Yes, Ryerson has a Fortnite team. And yes, they’re off to a good start.

While many students don’t know what Esports are, or that Ryerson Esports athletes compete against universities all over North America, Ryerson’s Fortnite team is one of the best in the league right now.

For those of you who don’t know, Fortnite is an online video game in which 100 players fight in player-versus-player combat. The last one standing is declared the winner.

Ryerson has six Fortnite teams in the Collegiate Starleague. All three of the starting squads compete in regular season, tournaments and regional events. The three other squads practice on their own and compete in separate tournaments.

 
Ryerson Esports players are the only university athletes able to make money in competitions, with a $42,000 total prize pool up for grabs in Fortnite

 

“I decided to make them tournament teams, so that they would have the opportunity to play, and possibly make the starting team next year,” said Joshua Bateni, Ryerson’s Fortnite manager and a second-year chemistry student.
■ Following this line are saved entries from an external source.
(* Every $1$-Sperner hypergraph ${\cal H}=(V,{\cal E})$ is equilizable, i.e., there exist a weight function $w:V\to\mathbb{Z}_{\ge0}$ and a threshold $t\in\mathbb{Z}_{\ge0}$ such that for every $X\subseteq V$, $\sum_{x\in X}w(x)=t$ if and only if $X\in{\cal E}$.
   Context: A hypergraph ${\cal H}=(V,{\cal E})$ consists of a finite vertex set $V$ and a set ${\cal E}$ of subsets of $V$. It is $1$-Sperner if every two distinct hyperedges $e,f$ satisfy $\min\{|e\setminus f|,|f\setminus e|\}=1$. *)

theory Defs
  imports Main
begin

definition hypergraph :: "'a set \<Rightarrow> 'a set set \<Rightarrow> bool" where
  "hypergraph V E \<longleftrightarrow> finite V \<and> (\<forall>e\<in>E. e \<subseteq> V)"

definition one_sperner :: "'a set set \<Rightarrow> bool" where
  "one_sperner E \<longleftrightarrow>
     (\<forall>e\<in>E. \<forall>f\<in>E. e \<noteq> f \<longrightarrow> min (card (e - f)) (card (f - e)) = 1)"

definition equilizable :: "'a set \<Rightarrow> 'a set set \<Rightarrow> bool" where
  "equilizable V E \<longleftrightarrow>
     (\<exists>(w :: 'a \<Rightarrow> nat) (t :: nat). \<forall>X. X \<subseteq> V \<longrightarrow> ((\<Sum>x\<in>X. w x) = t \<longleftrightarrow> X \<in> E))"

end

theory Submission
  imports Defs
begin

(*
  Choose a vertex z such that every edge through z and every edge avoiding z differ exactly
  in z; any z in e0 - f, for an edge e0 of minimum and an edge f of maximum size, will do.
  With V1 the vertices other than z lying in every edge avoiding z, the edges through z are
  the sets insert z e with e \<subseteq> V1, and the edges avoiding z are the sets V1 \<union> g with g
  inside V2 = V - {z} - V1. Both families are again 1-Sperner, so by induction on |V| they
  have equilizing weights (w1, t1) and (w2, t2), which are positive unless the family is empty.
  Weight V1 by w1, V2 by a * w2 with a > w1(V1) and a > t1, and z by t - t1 where
  t = w1(V1) + a * t2: the weight of a set then splits into two base-a digits and equals t
  exactly on the edges.
*)

lemma card_1_mem_singleton: "card A = 1 \<Longrightarrow> x \<in> A \<Longrightarrow> A = {x}"
  by (auto simp: card_1_singleton_iff)

lemma add_mult_eq_add_mult_iff:
  fixes x y u v a :: nat
  assumes "x < a" "u < a"
  shows "x + a * y = u + a * v \<longleftrightarrow> x = u \<and> y = v"
proof
  assume h: "x + a * y = u + a * v"
  have "x = (x + a * y) mod a" using assms by simp
  also have "\<dots> = u" using h assms by simp
  finally have "x = u" .
  with h \<open>x < a\<close> show "x = u \<and> y = v" by simp
qed simp

lemma sum_subset_eq_sum_iff:
  fixes w :: "'a \<Rightarrow> nat"
  assumes "finite S" "\<forall>x\<in>S. 0 < w x" "A \<subseteq> S"
  shows "sum w A = sum w S \<longleftrightarrow> A = S"
proof
  assume "sum w A = sum w S"
  moreover have "sum w S = sum w A + sum w (S - A)"
    using assms by (metis add.commute sum.subset_diff)
  ultimately have "sum w (S - A) = 0" by simp
  then have "\<forall>x\<in>S - A. w x = 0" using assms by (simp add: sum_eq_0_iff)
  then show "A = S" using assms by force
qed simp

lemma one_sperner_antichain:
  assumes "one_sperner E" "e \<in> E" "g \<in> E" "e \<subseteq> g"
  shows "e = g"
proof (rule ccontr)
  assume "e \<noteq> g"
  then have "min (card (e - g)) (card (g - e)) = 1"
    using assms unfolding one_sperner_def by blast
  moreover have "e - g = {}" using \<open>e \<subseteq> g\<close> by blast
  ultimately show False by simp
qed

lemma one_sperner_card_diff:
  assumes "one_sperner E" "e \<in> E" "g \<in> E" "e \<noteq> g" "finite e" "finite g" "card e \<le> card g"
  shows "card (e - g) = 1"
proof -
  have "card (e - g) = card e - card (e \<inter> g)" "card (g - e) = card g - card (e \<inter> g)"
    using assms by (simp_all add: card_Diff_subset_Int Int_commute)
  moreover have "min (card (e - g)) (card (g - e)) = 1"
    using assms unfolding one_sperner_def by blast
  ultimately show ?thesis using \<open>card e \<le> card g\<close> by (simp add: min_def split: if_splits)
qed

lemma one_sperner_diff_singleton:
  assumes "one_sperner E" "e \<in> E" "g \<in> E" "finite e" "finite g" "card e \<le> card g"
    and "z \<in> e" "z \<notin> g"
  shows "e - g = {z}"
proof -
  have "card (e - g) = 1"
    using assms by (intro one_sperner_card_diff[of E]) auto
  then show ?thesis using \<open>z \<in> e\<close> \<open>z \<notin> g\<close> by (simp add: card_1_mem_singleton)
qed

lemma one_sperner_image:
  assumes "one_sperner E" "F \<subseteq> E" "\<forall>e\<in>F. \<forall>g\<in>F. f e - f g = e - g"
  shows "one_sperner (f ` F)"
  unfolding one_sperner_def
proof (intro ballI impI)
  fix a b assume "a \<in> f ` F" "b \<in> f ` F" "a \<noteq> b"
  then obtain e g where "e \<in> F" "g \<in> F" "a = f e" "b = f g" "e \<noteq> g" by blast
  then show "min (card (a - b)) (card (b - a)) = 1"
    using assms unfolding one_sperner_def by auto
qed

definition splitting_vertex :: "'a set set \<Rightarrow> 'a \<Rightarrow> bool" where
  "splitting_vertex E z \<longleftrightarrow> (\<forall>e\<in>E. \<forall>g\<in>E. z \<in> e \<longrightarrow> z \<notin> g \<longrightarrow> e - g = {z})"

lemma splitting_vertex_of_extremal_edges:
  assumes sp: "one_sperner E" and fin: "\<forall>e\<in>E. finite e"
    and e0: "e0 \<in> E" and f: "f \<in> E"
    and min: "\<forall>g\<in>E. card e0 \<le> card g" and max: "\<forall>g\<in>E. card g \<le> card f"
    and "z \<in> e0" "z \<notin> f"
  shows "splitting_vertex E z"
  unfolding splitting_vertex_def
proof (intro ballI impI)
  fix e g assume e: "e \<in> E" and g: "g \<in> E" and "z \<in> e" "z \<notin> g"
  have e0f: "e0 - f = {z}"
    using assms by (intro one_sperner_diff_singleton[of E]) auto
  have ef: "e - f = {z}"
    using assms e \<open>z \<in> e\<close> by (intro one_sperner_diff_singleton[of E]) auto
  have e0g: "e0 - g = {z}"
    using assms g \<open>z \<notin> g\<close> by (intro one_sperner_diff_singleton[of E]) auto
  have "e \<noteq> g" using \<open>z \<in> e\<close> \<open>z \<notin> g\<close> by blast
  then have "min (card (e - g)) (card (g - e)) = 1"
    using sp e g unfolding one_sperner_def by blast
  then consider "card (e - g) = 1" | "card (g - e) = 1" by (simp add: min_def split: if_splits)
  then show "e - g = {z}"
  proof cases
    case 1
    then show ?thesis using \<open>z \<in> e\<close> \<open>z \<notin> g\<close> by (simp add: card_1_mem_singleton)
  next
    case 2
    show ?thesis
    proof (cases "g = f")
      case True
      with ef show ?thesis by simp
    next
      case False
      then have "card (g - f) = 1"
        using sp g f fin max by (intro one_sperner_card_diff[of E]) auto
      then obtain y where y: "g - f = {y}" by (meson card_1_singletonE)
      then have "y \<noteq> z" using \<open>z \<notin> g\<close> by blast
      then have "y \<notin> e" "y \<notin> e0" using y ef e0f by blast+
      then have "y \<in> g - e" using y by blast
      then have "g - e = {y}" by (rule card_1_mem_singleton[OF 2])
      have "e0 \<subseteq> e"
      proof
        fix u assume "u \<in> e0"
        then have "u = z \<or> u \<in> g" using e0g by (cases "u \<in> g") auto
        moreover have "u \<notin> g - e" using \<open>g - e = {y}\<close> \<open>u \<in> e0\<close> \<open>y \<notin> e0\<close> by auto
        ultimately show "u \<in> e" using \<open>z \<in> e\<close> by auto
      qed
      then have "e0 = e" using one_sperner_antichain[OF sp e0 e] by blast
      with e0g show ?thesis by simp
    qed
  qed
qed

lemma one_sperner_splitting_vertex_exists:
  assumes fin: "finite V" and sub: "\<forall>e\<in>E. e \<subseteq> V" and sp: "one_sperner E" and "V \<noteq> {}"
  obtains z where "z \<in> V" "splitting_vertex E z"
proof -
  have fin_e: "\<forall>e\<in>E. finite e" using fin sub finite_subset by blast
  have card_bound: "\<forall>e\<in>E. card e < card V + 1"
    using fin sub by (simp add: card_mono le_imp_less_Suc)
  show ?thesis
  proof (cases "\<forall>e\<in>E. \<forall>g\<in>E. card e = card g")
    case True
    obtain z where "z \<in> V" using \<open>V \<noteq> {}\<close> by blast
    moreover have "splitting_vertex E z"
      unfolding splitting_vertex_def
    proof (intro ballI impI)
      fix e g assume e: "e \<in> E" and g: "g \<in> E" and "z \<in> e" "z \<notin> g"
      moreover have "card e \<le> card g" using True e g by (metis order_refl)
      ultimately show "e - g = {z}"
        using fin_e by (intro one_sperner_diff_singleton[OF sp e g]) simp_all
    qed
    ultimately show ?thesis by (rule that)
  next
    case False
    then obtain e where "e \<in> E" by blast
    obtain e0 where e0: "e0 \<in> E" and min: "\<forall>g\<in>E. card e0 \<le> card g"
      using ex_has_least_nat[of "\<lambda>g. g \<in> E" e card] \<open>e \<in> E\<close> by blast
    obtain f where f: "f \<in> E" and max: "\<forall>g\<in>E. card g \<le> card f"
      using ex_has_greatest_nat[of "\<lambda>g. g \<in> E" e card] \<open>e \<in> E\<close> card_bound by blast
    have "e0 \<noteq> f"
    proof
      assume "e0 = f"
      then have "card g = card e0" if "g \<in> E" for g
        using min max that by (simp add: order_antisym)
      with False show False by auto
    qed
    then have "card (e0 - f) = 1"
      using fin_e e0 f min by (intro one_sperner_card_diff[OF sp]) simp_all
    then obtain z where "e0 - f = {z}" by (meson card_1_singletonE)
    then have "z \<in> e0" "z \<notin> f" by auto
    then have "splitting_vertex E z"
      by (rule splitting_vertex_of_extremal_edges[OF sp fin_e e0 f min max])
    moreover have "z \<in> V" using sub e0 \<open>z \<in> e0\<close> by blast
    ultimately show ?thesis using that by blast
  qed
qed

lemma splitting_vertex_decomposition:
  assumes sub: "\<forall>e\<in>E. e \<subseteq> V" and sp: "one_sperner E"
    and "z \<in> V" and split: "splitting_vertex E z"
    and V1_def: "V1 = {x \<in> V - {z}. \<forall>g\<in>E. z \<notin> g \<longrightarrow> x \<in> g}"
    and E1_def: "E1 = (\<lambda>e. e - {z}) ` {e\<in>E. z \<in> e}"
    and V2_def: "V2 = V - {z} - V1"
    and E2_def: "E2 = (\<lambda>g. g - V1) ` {g\<in>E. z \<notin> g}"
  shows "E = insert z ` E1 \<union> (\<lambda>g. V1 \<union> g) ` E2"
    and "\<forall>e\<in>E1. e \<subseteq> V1" and "\<forall>g\<in>E2. g \<subseteq> V2"
    and "one_sperner E1" and "one_sperner E2"
    and "V1 \<subset> V" and "V2 \<subset> V" and "V1 \<inter> V2 = {}" and "z \<notin> V1 \<union> V2"
    and "V = insert z (V1 \<union> V2)"
proof -
  have edge_through_z: "e - {z} \<subseteq> V1" if "e \<in> E" "z \<in> e" for e
    using that sub split unfolding V1_def splitting_vertex_def by blast
  have edge_avoiding_z: "V1 \<subseteq> g" if "g \<in> E" "z \<notin> g" for g
    using that unfolding V1_def by blast
  have "insert z ` E1 = {e\<in>E. z \<in> e}"
    unfolding E1_def image_image by (force simp: insert_absorb)
  moreover have "(\<lambda>g. V1 \<union> g) ` E2 = {g\<in>E. z \<notin> g}"
    unfolding E2_def image_image using edge_avoiding_z by (force simp: Un_absorb1)
  ultimately show "E = insert z ` E1 \<union> (\<lambda>g. V1 \<union> g) ` E2" by blast
  show "\<forall>e\<in>E1. e \<subseteq> V1" unfolding E1_def using edge_through_z by blast
  show "\<forall>g\<in>E2. g \<subseteq> V2" unfolding E2_def V2_def using sub by blast
  show "one_sperner E1" unfolding E1_def by (rule one_sperner_image[OF sp]) auto
  show "one_sperner E2" unfolding E2_def using edge_avoiding_z by (intro one_sperner_image[OF sp]) auto
  show "V1 \<subset> V" "V2 \<subset> V" using \<open>z \<in> V\<close> unfolding V1_def V2_def by auto
  show "V1 \<inter> V2 = {}" "z \<notin> V1 \<union> V2" unfolding V1_def V2_def by auto
  show "V = insert z (V1 \<union> V2)" using \<open>z \<in> V\<close> unfolding V1_def V2_def by auto
qed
Only 12 players were picked for the roster out of the 50 who tried out. From there, six teams of two are made based on how well they play with each other. Each team, known as Squads, plays once a week.

Ryerson’s starting teams play in two different divisions in North 4 and North 3. These divisions aren’t based on rank or difficulty. Squad A in North 4 is currently third in North America, Squad B in North 3 is fifth, and Squad C in North 3 is first in the regular season. For the most part, the teams have started out strong—Squad C is 2-0, Squad B is 1-1 and Squad A is 2-0.

There are three ways to make it to the finals. The teams need to either make it to the top four teams in the one-day tournaments, go top four in their regional local area network (LAN) events, or make the top eight teams in the playoffs at the end of the regular, year-long season.

“It’s a really good group of guys. We’re always bantering with each other,” said Daniel Huynh, a Squad A player and third-year occupational health and safety student. “It’s a good atmosphere to play with.”

Ryerson Esports players are the only university athletes able to make money in competitions, with a $42,000 total prize pool up for grabs in Fortnite. One of the all-star players, Armada Kiwiface, won $25,000 this week playing professionally, and just touched down in Los Angeles to compete at TwitchCon’s Fall Skirmish Tournament this weekend.

“He was someone that we really kept an eye on,” said Joseph Raimondo, fourth-year RTA sport media student and President of Ryerson Esports.

The team will play in their third tournament of the season on Nov. 3.